(* Let $d\ge2$, let $\mathcal{S}$ be a simple-minded system of $A_n^{dn}$-$\underline{\mathrm{mod}}$ with associated permutation $\sigma$, let $i\in\underline{n}$, and let $s_i$ be the size of the $\sigma$-orbit of $i$. For $0\le j\le s_i-1$ let $M_{ij}\in\mathcal{S}$ be the object with top $S_{\sigma^j(i)}$ and socle $S_{\sigma^{j+1}(i)}$, and write $M_{ij}=M^{\sigma^j(i)}_{\sigma^{j+1}(i),l_{ij}}$ with $l_{ij}\ge0$. Then there is at most one $j\in\{0,\dots,s_i-1\}$ with $l_{ij}=0$.
   Context: $A_n^{dn}=kQ/I$ ($k$ algebraically closed), $Q$ the cyclic quiver with vertices $1,\dots,n$ and arrows $i\to i+1$, $n\to1$, $I$ generated by all paths of length $dn+1$. $M^a_{b,t}$ is the indecomposable (uniserial) module with top $S_a$, socle $S_b$, and $S_a$ occurring $t+1$ times as composition factor. $\underline{\mathrm{Hom}}$ is Hom modulo maps factoring through projectives. A simple-minded system (sms) is a family $\mathcal{S}$ of indecomposable non-projective modules with $\underline{\mathrm{Hom}}(S,T)=0$ for distinct $S,T\in\mathcal{S}$, $\underline{\mathrm{Hom}}(S,S)\cong k$, and such that each indecomposable non-projective $X$ has $\underline{\mathrm{Hom}}(X,S)\neq0$ for some $S\in\mathcal{S}$. For an sms each simple is the top of exactly one and the socle of exactly one object; the associated permutation $\sigma$ of $\underline{n}=\{1,\dots,n\}$ is $\sigma(a)=b$ if some object has top $S_a$ and socle $S_b$. *)

theory Defs
  imports "HOL-Computational_Algebra.Polynomial"
begin

text \<open>Concrete model of the self-injective Nakayama algebra A_n^{dn} = kQ/I,
  Q the cyclic quiver on vertices 1..n with arrows i -> i+1, n -> 1, I generated
  by all paths of length dn+1.

  A uniserial module is given by a pair (a, L): top S_a, Loewy length L,
  with basis e_0, ..., e_{L-1}, where e_m lies at vertex vtx n a m and the arrow
  starting at vtx n a m sends e_m to e_{m+1} (and e_{L-1} to 0).
  Valid modules: a in 1..n, 1 <= L <= dn+1; projective ones have L = dn+1.\<close>

definition vtx :: "nat \<Rightarrow> nat \<Rightarrow> nat \<Rightarrow> nat" where
  "vtx n a m = (a - 1 + m) mod n + 1"

text \<open>A module homomorphism (a,L) -> (b,K) written as a matrix F p m = coefficient
  of e'_p in f(e_m); conditions: entries outside the index ranges vanish, f respects
  the vertex idempotents, and f commutes with the action of the arrows.\<close>

definition is_hom :: "nat \<Rightarrow> nat \<times> nat \<Rightarrow> nat \<times> nat \<Rightarrow> (nat \<Rightarrow> nat \<Rightarrow> 'k::field) \<Rightarrow> bool" where
  "is_hom n X Y F \<longleftrightarrow>
     (\<forall>p m. (snd Y \<le> p \<or> snd X \<le> m) \<longrightarrow> F p m = 0) \<and>
     (\<forall>p<snd Y. \<forall>m<snd X. vtx n (fst Y) p \<noteq> vtx n (fst X) m \<longrightarrow> F p m = 0) \<and>
     (\<forall>p<snd Y. \<forall>m<snd X.
        (if 0 < p then F (p - 1) m else 0) = (if m + 1 < snd X then F p (m + 1) else 0))"

definition proj_mod :: "nat \<Rightarrow> nat \<Rightarrow> nat \<Rightarrow> nat \<times> nat" where
  "proj_mod n d c = (c, d * n + 1)"

text \<open>f : X -> Y factors through a projective module, i.e. through a finite direct
  sum of indecomposable projectives P_{c_1} + ... + P_{c_r}; equivalently f is a sum
  of composites X -> P_{c_k} -> Y.\<close>
definition factors_proj :: "nat \<Rightarrow> nat \<Rightarrow> nat \<times> nat \<Rightarrow> nat \<times> nat \<Rightarrow> (nat \<Rightarrow> nat \<Rightarrow> 'k::field) \<Rightarrow> bool" where
  "factors_proj n d X Y F \<longleftrightarrow>
     (\<exists>cs :: nat list. \<exists>G H :: nat \<Rightarrow> nat \<Rightarrow> nat \<Rightarrow> 'k.
        (\<forall>k<length cs. cs ! k \<in> {1..n} \<and>
            is_hom n X (proj_mod n d (cs ! k)) (G k) \<and>
            is_hom n (proj_mod n d (cs ! k)) Y (H k)) \<and>
        F = (\<lambda>p m. \<Sum>k<length cs. \<Sum>q<d * n + 1. H k p q * G k q m))"

definition stable_hom_zero :: "'k::field itself \<Rightarrow> nat \<Rightarrow> nat \<Rightarrow> nat \<times> nat \<Rightarrow> nat \<times> nat \<Rightarrow> bool" where
  "stable_hom_zero _ n d X Y \<longleftrightarrow>
     (\<forall>F :: nat \<Rightarrow> nat \<Rightarrow> 'k. is_hom n X Y F \<longrightarrow> factors_proj n d X Y F)"

definition stable_end_is_k :: "'k::field itself \<Rightarrow> nat \<Rightarrow> nat \<Rightarrow> nat \<times> nat \<Rightarrow> bool" where
  "stable_end_is_k _ n d X \<longleftrightarrow>
     (\<exists>F :: nat \<Rightarrow> nat \<Rightarrow> 'k. is_hom n X X F \<and> \<not> factors_proj n d X X F \<and>
        (\<forall>G. is_hom n X X G \<longrightarrow>
           (\<exists>c. factors_proj n d X X (\<lambda>p m. G p m - c * F p m))))"

text \<open>The module M^a_{b,t}: top S_a, socle S_b, S_a occurring t+1 times.
  It is encoded as a triple (a, b, t); its Loewy length is t*n + ((b - a) mod n) + 1.\<close>
definition mod_of :: "nat \<Rightarrow> nat \<times> nat \<times> nat \<Rightarrow> nat \<times> nat" where
  "mod_of n M = (case M of (a, b, t) \<Rightarrow> (a, t * n + (b + n - a) mod n + 1))"

definition indec_nonproj :: "nat \<Rightarrow> nat \<Rightarrow> nat \<times> nat \<times> nat \<Rightarrow> bool" where
  "indec_nonproj n d M \<longleftrightarrow>
     (case M of (a, b, t) \<Rightarrow> a \<in> {1..n} \<and> b \<in> {1..n} \<and> snd (mod_of n M) \<le> d * n)"

definition is_sms :: "'k::field itself \<Rightarrow> nat \<Rightarrow> nat \<Rightarrow> (nat \<times> nat \<times> nat) set \<Rightarrow> bool" where
  "is_sms K n d S \<longleftrightarrow>
     (\<forall>M\<in>S. indec_nonproj n d M) \<and>
     (\<forall>M\<in>S. \<forall>N\<in>S. M \<noteq> N \<longrightarrow> stable_hom_zero K n d (mod_of n M) (mod_of n N)) \<and>
     (\<forall>M\<in>S. stable_end_is_k K n d (mod_of n M)) \<and>
     (\<forall>X. indec_nonproj n d X \<longrightarrow>
        (\<exists>M\<in>S. \<not> stable_hom_zero K n d (mod_of n X) (mod_of n M)))"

□ □ □ □ □ □ □

• _PROBLEM STATEMENT_
Go through the entries above and copy every line containing "indecomposable".

• _TASK OUTPUT_
   Context: $A_n^{dn}=kQ/I$ ($k$ algebraically closed), $Q$ the cyclic quiver with vertices $1,\dots,n$ and arrows $i\to i+1$, $n\to1$, $I$ generated by all paths of length $dn+1$. $M^a_{b,t}$ is the indecomposable (uniserial) module with top $S_a$, socle $S_b$, and $S_a$ occurring $t+1$ times as composition factor. $\underline{\mathrm{Hom}}$ is Hom modulo maps factoring through projectives. A simple-minded system (sms) is a family $\mathcal{S}$ of indecomposable non-projective modules with $\underline{\mathrm{Hom}}(S,T)=0$ for distinct $S,T\in\mathcal{S}$, $\underline{\mathrm{Hom}}(S,S)\cong k$, and such that each indecomposable non-projective $X$ has $\underline{\mathrm{Hom}}(X,S)\neq0$ for some $S\in\mathcal{S}$. For an sms each simple is the top of exactly one and the socle of exactly one object; the associated permutation $\sigma$ of $\underline{n}=\{1,\dots,n\}$ is $\sigma(a)=b$ if some object has top $S_a$ and socle $S_b$. *)
  sum of indecomposable projectives P_{c_1} + ... + P_{c_r}; equivalently f is a sum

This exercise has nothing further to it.